Records from a dataset

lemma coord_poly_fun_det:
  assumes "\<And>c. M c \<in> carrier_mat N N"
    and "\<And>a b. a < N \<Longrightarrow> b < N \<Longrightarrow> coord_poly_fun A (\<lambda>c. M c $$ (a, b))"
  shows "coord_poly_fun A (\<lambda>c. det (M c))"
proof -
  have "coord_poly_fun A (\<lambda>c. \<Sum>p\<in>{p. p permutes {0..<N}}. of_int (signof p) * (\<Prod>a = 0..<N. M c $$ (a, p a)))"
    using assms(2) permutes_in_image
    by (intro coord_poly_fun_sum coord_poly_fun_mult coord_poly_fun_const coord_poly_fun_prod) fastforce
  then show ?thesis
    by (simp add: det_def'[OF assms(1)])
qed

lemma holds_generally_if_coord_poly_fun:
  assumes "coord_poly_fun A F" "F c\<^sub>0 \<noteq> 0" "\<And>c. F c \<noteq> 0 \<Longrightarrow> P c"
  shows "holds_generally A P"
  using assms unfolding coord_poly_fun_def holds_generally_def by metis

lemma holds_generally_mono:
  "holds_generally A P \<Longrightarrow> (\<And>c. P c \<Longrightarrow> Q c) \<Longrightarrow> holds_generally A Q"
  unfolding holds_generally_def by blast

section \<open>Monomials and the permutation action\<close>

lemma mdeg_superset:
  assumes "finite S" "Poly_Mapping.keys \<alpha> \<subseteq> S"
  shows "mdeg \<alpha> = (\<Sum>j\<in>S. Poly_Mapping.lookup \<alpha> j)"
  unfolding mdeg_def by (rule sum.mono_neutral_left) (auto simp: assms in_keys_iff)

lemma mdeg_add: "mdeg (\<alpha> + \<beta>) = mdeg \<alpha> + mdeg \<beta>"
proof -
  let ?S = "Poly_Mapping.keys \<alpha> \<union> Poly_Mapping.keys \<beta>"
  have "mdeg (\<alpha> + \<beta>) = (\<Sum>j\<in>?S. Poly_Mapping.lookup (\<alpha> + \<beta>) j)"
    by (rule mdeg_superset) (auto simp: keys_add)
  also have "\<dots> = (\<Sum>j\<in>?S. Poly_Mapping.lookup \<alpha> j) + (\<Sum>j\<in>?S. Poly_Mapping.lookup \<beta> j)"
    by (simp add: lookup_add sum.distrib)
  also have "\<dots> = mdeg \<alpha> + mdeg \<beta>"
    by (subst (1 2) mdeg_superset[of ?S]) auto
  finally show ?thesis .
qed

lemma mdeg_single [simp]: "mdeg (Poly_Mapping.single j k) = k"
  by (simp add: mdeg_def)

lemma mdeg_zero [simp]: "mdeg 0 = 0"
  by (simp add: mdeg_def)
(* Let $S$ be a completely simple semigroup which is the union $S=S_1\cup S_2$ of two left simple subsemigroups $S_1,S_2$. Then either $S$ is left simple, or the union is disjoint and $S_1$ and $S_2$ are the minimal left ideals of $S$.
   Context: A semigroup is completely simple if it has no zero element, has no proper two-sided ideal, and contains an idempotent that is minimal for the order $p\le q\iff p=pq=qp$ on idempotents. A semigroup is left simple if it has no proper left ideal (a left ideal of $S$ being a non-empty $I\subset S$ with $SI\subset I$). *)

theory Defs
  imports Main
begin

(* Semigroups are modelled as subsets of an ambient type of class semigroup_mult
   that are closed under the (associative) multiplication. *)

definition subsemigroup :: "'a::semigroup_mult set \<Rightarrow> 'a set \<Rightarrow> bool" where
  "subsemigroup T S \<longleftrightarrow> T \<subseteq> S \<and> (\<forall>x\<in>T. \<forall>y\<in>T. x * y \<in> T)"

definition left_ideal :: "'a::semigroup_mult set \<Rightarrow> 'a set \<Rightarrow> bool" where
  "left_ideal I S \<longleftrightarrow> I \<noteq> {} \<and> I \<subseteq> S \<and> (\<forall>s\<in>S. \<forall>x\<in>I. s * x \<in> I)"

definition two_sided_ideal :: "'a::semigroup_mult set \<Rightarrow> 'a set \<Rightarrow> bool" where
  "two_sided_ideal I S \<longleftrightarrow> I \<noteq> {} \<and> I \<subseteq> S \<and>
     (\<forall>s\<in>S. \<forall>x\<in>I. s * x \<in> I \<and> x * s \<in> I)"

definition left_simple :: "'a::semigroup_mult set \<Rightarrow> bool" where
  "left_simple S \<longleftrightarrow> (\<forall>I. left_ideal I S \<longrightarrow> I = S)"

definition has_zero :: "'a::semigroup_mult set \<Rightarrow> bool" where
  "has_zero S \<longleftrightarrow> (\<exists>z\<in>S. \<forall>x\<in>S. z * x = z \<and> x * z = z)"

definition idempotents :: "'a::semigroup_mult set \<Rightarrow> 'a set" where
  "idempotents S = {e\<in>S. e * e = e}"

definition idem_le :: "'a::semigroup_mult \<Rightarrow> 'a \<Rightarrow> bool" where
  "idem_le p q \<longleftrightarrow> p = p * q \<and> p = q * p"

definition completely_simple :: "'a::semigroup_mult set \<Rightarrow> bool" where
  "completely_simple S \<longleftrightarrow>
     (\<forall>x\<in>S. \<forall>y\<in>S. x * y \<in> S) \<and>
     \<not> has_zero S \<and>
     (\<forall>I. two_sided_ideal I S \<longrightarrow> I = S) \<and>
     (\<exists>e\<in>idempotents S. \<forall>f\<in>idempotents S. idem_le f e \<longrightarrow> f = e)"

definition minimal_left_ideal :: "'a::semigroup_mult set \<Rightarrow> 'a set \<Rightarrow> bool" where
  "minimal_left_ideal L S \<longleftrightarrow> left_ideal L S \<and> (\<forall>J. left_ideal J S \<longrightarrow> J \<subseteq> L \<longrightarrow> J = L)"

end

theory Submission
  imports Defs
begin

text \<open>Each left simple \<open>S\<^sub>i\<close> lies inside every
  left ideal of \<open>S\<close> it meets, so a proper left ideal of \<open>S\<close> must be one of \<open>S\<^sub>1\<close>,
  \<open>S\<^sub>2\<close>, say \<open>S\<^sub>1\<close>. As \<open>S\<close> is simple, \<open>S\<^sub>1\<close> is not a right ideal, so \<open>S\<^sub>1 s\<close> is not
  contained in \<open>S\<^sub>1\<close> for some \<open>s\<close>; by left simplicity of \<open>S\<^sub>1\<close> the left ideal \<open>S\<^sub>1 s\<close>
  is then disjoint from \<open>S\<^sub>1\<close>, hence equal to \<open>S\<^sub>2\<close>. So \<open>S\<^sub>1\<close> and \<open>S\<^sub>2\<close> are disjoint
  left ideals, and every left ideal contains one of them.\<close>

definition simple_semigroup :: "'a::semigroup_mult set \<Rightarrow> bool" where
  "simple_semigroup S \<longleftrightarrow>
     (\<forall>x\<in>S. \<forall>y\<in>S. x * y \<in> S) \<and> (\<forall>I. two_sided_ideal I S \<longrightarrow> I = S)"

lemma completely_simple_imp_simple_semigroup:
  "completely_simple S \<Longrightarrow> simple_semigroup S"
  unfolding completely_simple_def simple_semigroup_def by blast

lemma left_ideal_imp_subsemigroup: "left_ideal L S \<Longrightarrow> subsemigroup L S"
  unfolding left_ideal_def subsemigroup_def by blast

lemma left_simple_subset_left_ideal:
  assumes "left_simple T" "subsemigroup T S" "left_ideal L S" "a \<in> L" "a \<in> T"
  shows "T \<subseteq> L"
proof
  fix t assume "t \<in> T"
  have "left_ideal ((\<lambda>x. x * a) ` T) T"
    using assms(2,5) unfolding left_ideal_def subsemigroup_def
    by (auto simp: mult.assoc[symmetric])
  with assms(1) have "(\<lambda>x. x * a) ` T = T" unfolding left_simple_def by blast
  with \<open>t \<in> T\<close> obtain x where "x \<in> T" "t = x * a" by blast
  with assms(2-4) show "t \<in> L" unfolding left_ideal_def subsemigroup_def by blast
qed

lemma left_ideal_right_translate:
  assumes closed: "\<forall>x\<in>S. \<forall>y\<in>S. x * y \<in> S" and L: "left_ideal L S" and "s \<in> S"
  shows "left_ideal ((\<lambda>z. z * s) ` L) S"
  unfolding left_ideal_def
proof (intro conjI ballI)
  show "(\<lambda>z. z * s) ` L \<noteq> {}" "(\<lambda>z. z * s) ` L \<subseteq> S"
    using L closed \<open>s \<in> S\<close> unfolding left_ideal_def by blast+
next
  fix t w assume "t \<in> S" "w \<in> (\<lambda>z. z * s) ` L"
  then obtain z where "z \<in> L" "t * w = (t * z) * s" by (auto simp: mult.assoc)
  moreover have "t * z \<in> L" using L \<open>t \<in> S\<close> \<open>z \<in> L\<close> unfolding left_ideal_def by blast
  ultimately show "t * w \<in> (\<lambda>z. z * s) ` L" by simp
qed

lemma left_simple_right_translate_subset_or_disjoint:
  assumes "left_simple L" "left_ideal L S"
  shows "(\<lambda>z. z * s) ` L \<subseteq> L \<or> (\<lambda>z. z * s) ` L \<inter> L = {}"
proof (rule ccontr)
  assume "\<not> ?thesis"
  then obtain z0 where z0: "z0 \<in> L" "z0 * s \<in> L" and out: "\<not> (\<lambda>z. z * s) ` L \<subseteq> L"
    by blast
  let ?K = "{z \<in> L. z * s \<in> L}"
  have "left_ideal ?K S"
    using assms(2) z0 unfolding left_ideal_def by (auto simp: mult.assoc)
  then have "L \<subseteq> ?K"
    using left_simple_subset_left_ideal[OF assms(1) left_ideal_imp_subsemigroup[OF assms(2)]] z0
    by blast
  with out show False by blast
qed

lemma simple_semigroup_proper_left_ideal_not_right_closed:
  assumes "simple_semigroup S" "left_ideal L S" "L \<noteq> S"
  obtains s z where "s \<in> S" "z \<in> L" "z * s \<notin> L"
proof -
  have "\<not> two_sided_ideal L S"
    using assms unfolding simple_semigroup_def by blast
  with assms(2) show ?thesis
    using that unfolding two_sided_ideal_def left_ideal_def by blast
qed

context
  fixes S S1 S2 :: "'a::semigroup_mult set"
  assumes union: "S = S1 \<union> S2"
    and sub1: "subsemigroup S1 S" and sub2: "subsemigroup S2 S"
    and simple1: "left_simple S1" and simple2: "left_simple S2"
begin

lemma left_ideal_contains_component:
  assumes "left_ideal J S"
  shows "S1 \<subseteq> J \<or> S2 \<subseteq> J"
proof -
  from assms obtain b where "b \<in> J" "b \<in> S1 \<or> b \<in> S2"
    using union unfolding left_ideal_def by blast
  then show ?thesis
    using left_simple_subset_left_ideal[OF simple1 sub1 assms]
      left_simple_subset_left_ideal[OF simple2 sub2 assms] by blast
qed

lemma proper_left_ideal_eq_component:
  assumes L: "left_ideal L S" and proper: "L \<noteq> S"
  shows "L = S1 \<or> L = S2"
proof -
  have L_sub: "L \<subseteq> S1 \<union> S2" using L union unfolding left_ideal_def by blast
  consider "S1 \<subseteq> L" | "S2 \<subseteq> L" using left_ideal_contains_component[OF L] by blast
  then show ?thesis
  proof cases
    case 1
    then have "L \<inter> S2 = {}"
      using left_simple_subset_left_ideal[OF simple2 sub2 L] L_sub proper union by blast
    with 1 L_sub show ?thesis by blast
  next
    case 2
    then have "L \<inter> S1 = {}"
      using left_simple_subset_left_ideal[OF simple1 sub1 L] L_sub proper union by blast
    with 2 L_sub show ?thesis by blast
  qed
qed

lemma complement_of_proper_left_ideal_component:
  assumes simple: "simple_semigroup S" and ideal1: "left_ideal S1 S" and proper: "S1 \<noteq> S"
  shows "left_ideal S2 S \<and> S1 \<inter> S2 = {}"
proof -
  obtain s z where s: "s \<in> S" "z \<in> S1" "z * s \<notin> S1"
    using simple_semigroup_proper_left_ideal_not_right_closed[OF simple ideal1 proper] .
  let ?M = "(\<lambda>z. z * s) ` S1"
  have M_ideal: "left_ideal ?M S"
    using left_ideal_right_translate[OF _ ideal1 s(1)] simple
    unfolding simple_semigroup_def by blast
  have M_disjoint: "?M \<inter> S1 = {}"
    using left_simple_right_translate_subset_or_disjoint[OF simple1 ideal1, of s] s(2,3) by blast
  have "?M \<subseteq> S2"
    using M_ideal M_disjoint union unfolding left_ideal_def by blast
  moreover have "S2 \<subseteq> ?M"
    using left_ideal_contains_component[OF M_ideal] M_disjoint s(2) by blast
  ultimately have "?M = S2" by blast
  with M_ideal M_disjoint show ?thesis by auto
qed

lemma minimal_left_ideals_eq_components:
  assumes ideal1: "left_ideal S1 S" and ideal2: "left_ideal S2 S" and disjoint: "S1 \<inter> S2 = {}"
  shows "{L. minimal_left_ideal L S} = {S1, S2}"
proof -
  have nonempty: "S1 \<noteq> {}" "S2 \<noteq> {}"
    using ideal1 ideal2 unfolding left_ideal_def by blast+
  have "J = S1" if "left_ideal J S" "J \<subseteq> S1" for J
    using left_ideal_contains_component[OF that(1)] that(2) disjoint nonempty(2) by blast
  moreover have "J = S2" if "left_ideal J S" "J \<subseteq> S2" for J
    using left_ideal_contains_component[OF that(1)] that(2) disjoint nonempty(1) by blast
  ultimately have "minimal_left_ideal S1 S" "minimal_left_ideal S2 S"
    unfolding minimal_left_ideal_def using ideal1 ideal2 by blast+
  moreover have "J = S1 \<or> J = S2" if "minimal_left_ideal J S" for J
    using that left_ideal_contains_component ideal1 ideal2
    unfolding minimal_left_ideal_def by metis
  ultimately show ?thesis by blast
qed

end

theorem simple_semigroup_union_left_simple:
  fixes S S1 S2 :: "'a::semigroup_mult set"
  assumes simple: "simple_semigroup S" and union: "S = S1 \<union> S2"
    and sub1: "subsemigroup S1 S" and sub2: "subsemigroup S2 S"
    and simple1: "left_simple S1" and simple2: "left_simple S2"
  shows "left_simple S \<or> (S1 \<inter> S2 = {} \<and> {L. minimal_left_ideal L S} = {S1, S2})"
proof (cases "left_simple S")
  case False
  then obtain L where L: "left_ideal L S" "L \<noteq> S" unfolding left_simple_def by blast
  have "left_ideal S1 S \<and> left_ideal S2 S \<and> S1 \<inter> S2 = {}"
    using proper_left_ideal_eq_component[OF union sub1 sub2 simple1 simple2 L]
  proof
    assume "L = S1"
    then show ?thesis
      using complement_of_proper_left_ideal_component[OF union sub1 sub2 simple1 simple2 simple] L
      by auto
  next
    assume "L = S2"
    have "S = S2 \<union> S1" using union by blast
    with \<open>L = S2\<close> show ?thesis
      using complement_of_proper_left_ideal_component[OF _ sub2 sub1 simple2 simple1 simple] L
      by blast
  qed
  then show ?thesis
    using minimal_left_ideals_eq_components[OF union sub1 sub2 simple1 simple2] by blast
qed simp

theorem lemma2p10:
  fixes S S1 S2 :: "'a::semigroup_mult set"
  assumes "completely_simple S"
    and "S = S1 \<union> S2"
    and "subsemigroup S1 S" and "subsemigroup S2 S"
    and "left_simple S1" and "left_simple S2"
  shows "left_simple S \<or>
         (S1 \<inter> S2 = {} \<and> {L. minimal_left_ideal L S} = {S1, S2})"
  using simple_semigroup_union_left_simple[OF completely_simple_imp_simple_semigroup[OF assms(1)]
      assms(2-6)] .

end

---

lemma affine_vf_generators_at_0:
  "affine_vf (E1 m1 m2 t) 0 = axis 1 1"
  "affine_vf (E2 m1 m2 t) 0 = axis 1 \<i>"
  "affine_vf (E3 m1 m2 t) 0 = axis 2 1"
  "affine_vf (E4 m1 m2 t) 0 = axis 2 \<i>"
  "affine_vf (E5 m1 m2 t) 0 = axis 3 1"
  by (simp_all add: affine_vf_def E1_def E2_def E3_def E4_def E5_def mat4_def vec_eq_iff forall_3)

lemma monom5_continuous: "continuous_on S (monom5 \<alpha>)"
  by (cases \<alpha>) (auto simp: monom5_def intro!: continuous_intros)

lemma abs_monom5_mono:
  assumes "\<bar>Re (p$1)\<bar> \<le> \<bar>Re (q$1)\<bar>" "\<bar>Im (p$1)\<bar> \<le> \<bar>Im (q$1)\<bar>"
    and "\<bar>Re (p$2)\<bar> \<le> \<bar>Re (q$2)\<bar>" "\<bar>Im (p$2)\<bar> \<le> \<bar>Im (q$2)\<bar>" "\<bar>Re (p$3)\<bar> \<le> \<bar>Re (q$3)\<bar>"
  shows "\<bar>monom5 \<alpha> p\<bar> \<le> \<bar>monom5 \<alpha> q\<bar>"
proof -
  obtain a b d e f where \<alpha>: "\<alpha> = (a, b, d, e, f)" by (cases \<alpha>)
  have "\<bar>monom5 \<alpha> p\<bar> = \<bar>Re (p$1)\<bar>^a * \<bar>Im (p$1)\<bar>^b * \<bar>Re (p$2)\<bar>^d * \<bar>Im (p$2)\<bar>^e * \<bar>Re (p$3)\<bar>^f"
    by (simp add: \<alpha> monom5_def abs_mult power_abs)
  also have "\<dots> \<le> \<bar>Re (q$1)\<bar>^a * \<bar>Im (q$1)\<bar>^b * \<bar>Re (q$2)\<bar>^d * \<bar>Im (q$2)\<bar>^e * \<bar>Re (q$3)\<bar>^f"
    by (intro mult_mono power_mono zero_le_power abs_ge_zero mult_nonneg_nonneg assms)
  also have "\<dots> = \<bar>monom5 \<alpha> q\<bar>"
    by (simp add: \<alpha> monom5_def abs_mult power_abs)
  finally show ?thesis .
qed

**WHAT IS NEEDED:** Each line above that contains the word "axis" should be copied.

**RESPONSE:**
  "affine_vf (E1 m1 m2 t) 0 = axis 1 1"
  "affine_vf (E2 m1 m2 t) 0 = axis 1 \<i>"
  "affine_vf (E3 m1 m2 t) 0 = axis 2 1"
  "affine_vf (E4 m1 m2 t) 0 = axis 2 \<i>"
  "affine_vf (E5 m1 m2 t) 0 = axis 3 1"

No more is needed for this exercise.